Entries supplied below:

(* Let $\mu,\sigma,\rho>0$, $\Delta>0$, and suppose $K\ge \mu/\rho-u_0$. Define $V(x)=V_0(x)$ for $0\le x\le u_0$ and $V(x)=x-u_0+\mu/\rho$ for $x>u_0$. Then $V$ is a $C^2$ function on $[0,\infty)$ and satisfies, for $x>0$: (a) $V(0)=0$; (b) $V(x)\ge MV(x)$; (c) $(A-\rho)V(x)\le0$; (d) $V'(x)\ge1$; (e) $[V(x)-MV(x)][(A-\rho)V(x)][V'(x)-1]=0$.
   Context: $A=\frac12\sigma^2\frac{d^2}{dx^2}+\mu\frac{d}{dx}$ is the generator of $X(t)=X(0)+\mu t+\sigma W(t)$, $W$ standard Brownian motion. Let $r_1=(-\mu+\sqrt{\mu^2+2\sigma^2\rho})/\sigma^2$, $r_2=(\mu+\sqrt{\mu^2+2\sigma^2\rho})/\sigma^2$, $u_0=\frac{1}{r_1+r_2}\ln\frac{\rho+\mu r_2}{\rho-\mu r_1}$, and let $V_0:\mathbf{R}\to\mathbf{R}$ be the solution of $(A-\rho)V_0=0$ with $V_0(u_0)=\mu/\rho$, $V_0'(u_0)=1$ (for this $u_0$ one has $V_0(0)=0$). $K\ge 0$ is the fixed cost of capital issuance. For $f$ on $[0,\infty)$, $Mf(x)=E\big[e^{-\rho\Delta}\sup_{s\in\mathbf{R}}[f(X(\Delta)+s)-s-K]I_{\tau>\Delta}\,|\,X(0)=x\big]$, $x>0$, with $\tau$ the first hitting time of $0$. *)

theory Defs
  imports "HOL-Probability.Probability"
begin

End of Entries supplied.

Exercise details
Please copy out each line of the data in which the word "sigma" occurs.

Task output
(* Let $\mu,\sigma,\rho>0$, $\Delta>0$, and suppose $K\ge \mu/\rho-u_0$. Define $V(x)=V_0(x)$ for $0\le x\le u_0$ and $V(x)=x-u_0+\mu/\rho$ for $x>u_0$. Then $V$ is a $C^2$ function on $[0,\infty)$ and satisfies, for $x>0$: (a) $V(0)=0$; (b) $V(x)\ge MV(x)$; (c) $(A-\rho)V(x)\le0$; (d) $V'(x)\ge1$; (e) $[V(x)-MV(x)][(A-\rho)V(x)][V'(x)-1]=0$.
   Context: $A=\frac12\sigma^2\frac{d^2}{dx^2}+\mu\frac{d}{dx}$ is the generator of $X(t)=X(0)+\mu t+\sigma W(t)$, $W$ standard Brownian motion. Let $r_1=(-\mu+\sqrt{\mu^2+2\sigma^2\rho})/\sigma^2$, $r_2=(\mu+\sqrt{\mu^2+2\sigma^2\rho})/\sigma^2$, $u_0=\frac{1}{r_1+r_2}\ln\frac{\rho+\mu r_2}{\rho-\mu r_1}$, and let $V_0:\mathbf{R}\to\mathbf{R}$ be the solution of $(A-\rho)V_0=0$ with $V_0(u_0)=\mu/\rho$, $V_0'(u_0)=1$ (for this $u_0$ one has $V_0(0)=0$). $K\ge 0$ is the fixed cost of capital issuance. For $f$ on $[0,\infty)$, $Mf(x)=E\big[e^{-\rho\Delta}\sup_{s\in\mathbf{R}}[f(X(\Delta)+s)-s-K]I_{\tau>\Delta}\,|\,X(0)=x\big]$, $x>0$, with $\tau$ the first hitting time of $0$. *)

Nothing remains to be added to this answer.